2015 Student Research Conference:
28th Annual Student Research Conference

Upregulation of the Minor Spliceosome in Mouse Retinae due to Zaprinast Exposure
Daniel R. Kick
Dr. Rahul Kanadia (University of Connecticut) and Dr. Elisabeth A. Hooper, Faculty Mentors

Eukaryotic genes require removal of non-coding stretches within coding regions to produce functional mRNAs. Splicing an intron is done by either the U2 or U12 spliceosome.

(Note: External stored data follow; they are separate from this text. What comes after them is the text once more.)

lemma Bg_subset_mpow: "Bg n \<subseteq> mpow n"
proof -
  obtain G where G: "G \<subseteq> Bg 1" "\<And>y n. y \<in> Bg n \<Longrightarrow> forms G n y"
    using homogeneous_forms_in_generators by metis
  have "forms G n v \<Longrightarrow> v \<in> mpow n" for n v
  proof (induction rule: forms.induct)
    case (scalar c)
    then show ?case using Bg_carrier by auto
  next
    case (zero n)
    then show ?case using ideal_zero_closed[OF mpow_is_ideal] by blast
  next
    case (add n a b)
    then show ?case using ideal_add_closed[OF mpow_is_ideal] by blast
  next
    case (mult_gen n a g)
    then have "g \<in> hom_max_ideal R Bg" using G(1) Bg_subset_hom_max_ideal[of 1] by auto
    then show ?case using mult_gen by (simp add: ideal_power_Suc ideal_prod.prod)
  qed
  then show ?thesis using G by blast
qed

lemma mpow_subset_ideal:
  assumes K: "ideal K R" and high: "\<And>i. i \<ge> n \<Longrightarrow> Bg i \<subseteq> K"
  shows "mpow n \<subseteq> K"
proof
  fix z assume "z \<in> mpow n"
  then have z: "z \<in> graded_tail (carrier R) n" using mpow_subset_graded_tail by blast
  then have zc: "z \<in> carrier R" by (simp add: graded_tail_def)
  obtain N where N: "z = finsum R (hcomp z) {..N}" using hcomp_expansion[OF zc] by blast
  have "hcomp z i \<in> K" for i
  proof (cases "i < n")
    case True
    then show ?thesis using z ideal_zero_closed[OF K] by (simp add: graded_tail_def tail_slot_def)
  next
    case False
    then show ?thesis using high[of i] hcomp_in_Bg[OF zc, of i] by auto
  qed
  then have "finsum R (hcomp z) {..N} \<in> K"
    using ideal.Icarr[OF K] ideal_zero_closed[OF K] ideal_add_closed[OF K]
    by (intro finsum_closed_in) auto
  then show "z \<in> K" using N by simp
qed

end

subsection \<open>Splitting the linear forms\<close>

locale graded_linear_split = standard_graded_ring +
  fixes X Y :: "'a set"
  assumes X_linear: "X \<subseteq> Bg 1" and Y_linear: "Y \<subseteq> Bg 1"
begin

abbreviation k_X :: "'a set" where
  "k_X \<equiv> generate_ring R (Bg 0 \<union> X)"

abbreviation k_XY :: "'a set" where
  "k_XY \<equiv> generate_ring R (Bg 0 \<union> (X \<union> Y))"

\<comment> \<open>The parentheses matter: \<open>Idl X \<cdot> J\<close> parses as \<open>Idl (X \<cdot> J)\<close>.\<close>
definition mixed_power :: "nat \<Rightarrow> 'a set" where
  "mixed_power n = (Idl X) \<cdot> mpow (n - 1) <+>\<^bsub>R\<^esub> ideal_power R (Idl Y) n"

lemma X_carrier: "X \<subseteq> carrier R"
  using X_linear Bg_carrier by blast

lemma Y_carrier: "Y \<subseteq> carrier R"
  using Y_linear Bg_carrier by blast

lemma k_X_subring: "subring k_X R"
  by (rule generate_ring_is_subring) (use X_carrier Bg_carrier in auto)

lemma k_XY_subring: "subring k_XY R"
  by (rule generate_ring_is_subring) (use X_carrier Y_carrier Bg_carrier in auto)

lemma Idl_X_ideal: "ideal (Idl X) R"
  using genideal_ideal[OF X_carrier] .

lemma Idl_Y_power_ideal: "ideal (ideal_power R (Idl Y) n) R"
  using ideal_power_is_ideal[OF genideal_ideal[OF Y_carrier]] .

lemma Idl_X_mpow_ideal: "ideal ((Idl X) \<cdot> mpow k) R"
  using ideal_prod_is_ideal[OF Idl_X_ideal mpow_is_ideal] .

lemma mixed_power_ideal: "ideal (mixed_power n) R"
  unfolding mixed_power_def using add_ideals[OF Idl_X_mpow_ideal Idl_Y_power_ideal] .

lemma Idl_X_mpow_subset_mixed_power: "(Idl X) \<cdot> mpow (n - 1) \<subseteq> mixed_power n"
  unfolding mixed_power_def using ideal_zero_closed[OF Idl_Y_power_ideal] Idl_X_mpow_ideal
  by (metis ideal.Icarr r_zero set_add_memI subsetI)

lemma Idl_Y_power_subset_mixed_power: "ideal_power R (Idl Y) n \<subseteq> mixed_power n"
  unfolding mixed_power_def using ideal_zero_closed[OF Idl_X_mpow_ideal] Idl_Y_power_ideal
  by (metis ideal.Icarr l_zero set_add_memI subsetI)

lemma mixed_power_subset_mpow:
  assumes "n \<ge> 1"
  shows "mixed_power n \<subseteq> mpow n"
proof -
  have IX: "Idl X \<subseteq> hom_max_ideal R Bg" and IY: "Idl Y \<subseteq> hom_max_ideal R Bg"
    using genideal_minimal[OF hom_max_ideal_is_ideal] X_linear Y_linear Bg_subset_hom_max_ideal[of 1]
    by auto
  have "mpow n = hom_max_ideal R Bg \<cdot> mpow (n - 1)"
    using ideal_power_Suc[of _ "n - 1"] assms by simp
  then have "(Idl X) \<cdot> mpow (n - 1) \<subseteq> mpow n"
    using ideal_prod_mono[OF IX subset_refl] by simp
  moreover have "ideal_power R (Idl Y) n \<subseteq> mpow n"
    using ideal_power_mono[OF IY] .
  ultimately show ?thesis
    unfolding mixed_power_def using ideal_add_closed[OF mpow_is_ideal] by (blast elim: set_add_memE)
qed

lemma mixed_power_antimono:
  assumes "n \<le> i"
  shows "mixed_power i \<subseteq> mixed_power n"
proof -
  have "(Idl X) \<cdot> mpow (i - 1) \<subseteq> (Idl X) \<cdot> mpow (n - 1)"
    using ideal_prod_mono[OF subset_refl ideal_power_antimono[OF hom_max_ideal_is_ideal]] assms by simp
  moreover have "ideal_power R (Idl Y) i \<subseteq> ideal_power R (Idl Y) n"
    using ideal_power_antimono[OF genideal_ideal[OF Y_carrier] assms] .
  ultimately show ?thesis
    unfolding mixed_power_def by (blast elim: set_add_memE intro: set_add_memI)
qed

This research focuses on the latter, which is of interest because it is highly conserved and because a mutation resulting in a nonfunctional U12 spliceosome is responsible for the developmental disease Microcephalic Osteodysplastic Primordial Dwarfism type 1. The specific roles of the U12 spliceosome are not well understood. To probe this system, we employed the retina as a model system, and used the snRNAs of the U12 spliceosome to measure up-regulation. Some genes known to impact cellular stress response have introns spliced by the U12 system. We administered a chemical agent, Zaprinast, to induce cellular stress in the retina. We found the snRNAs of the U12 spliceosome were found to be up-regulated in the experimental group suggesting a connection to regulating cellular stress response.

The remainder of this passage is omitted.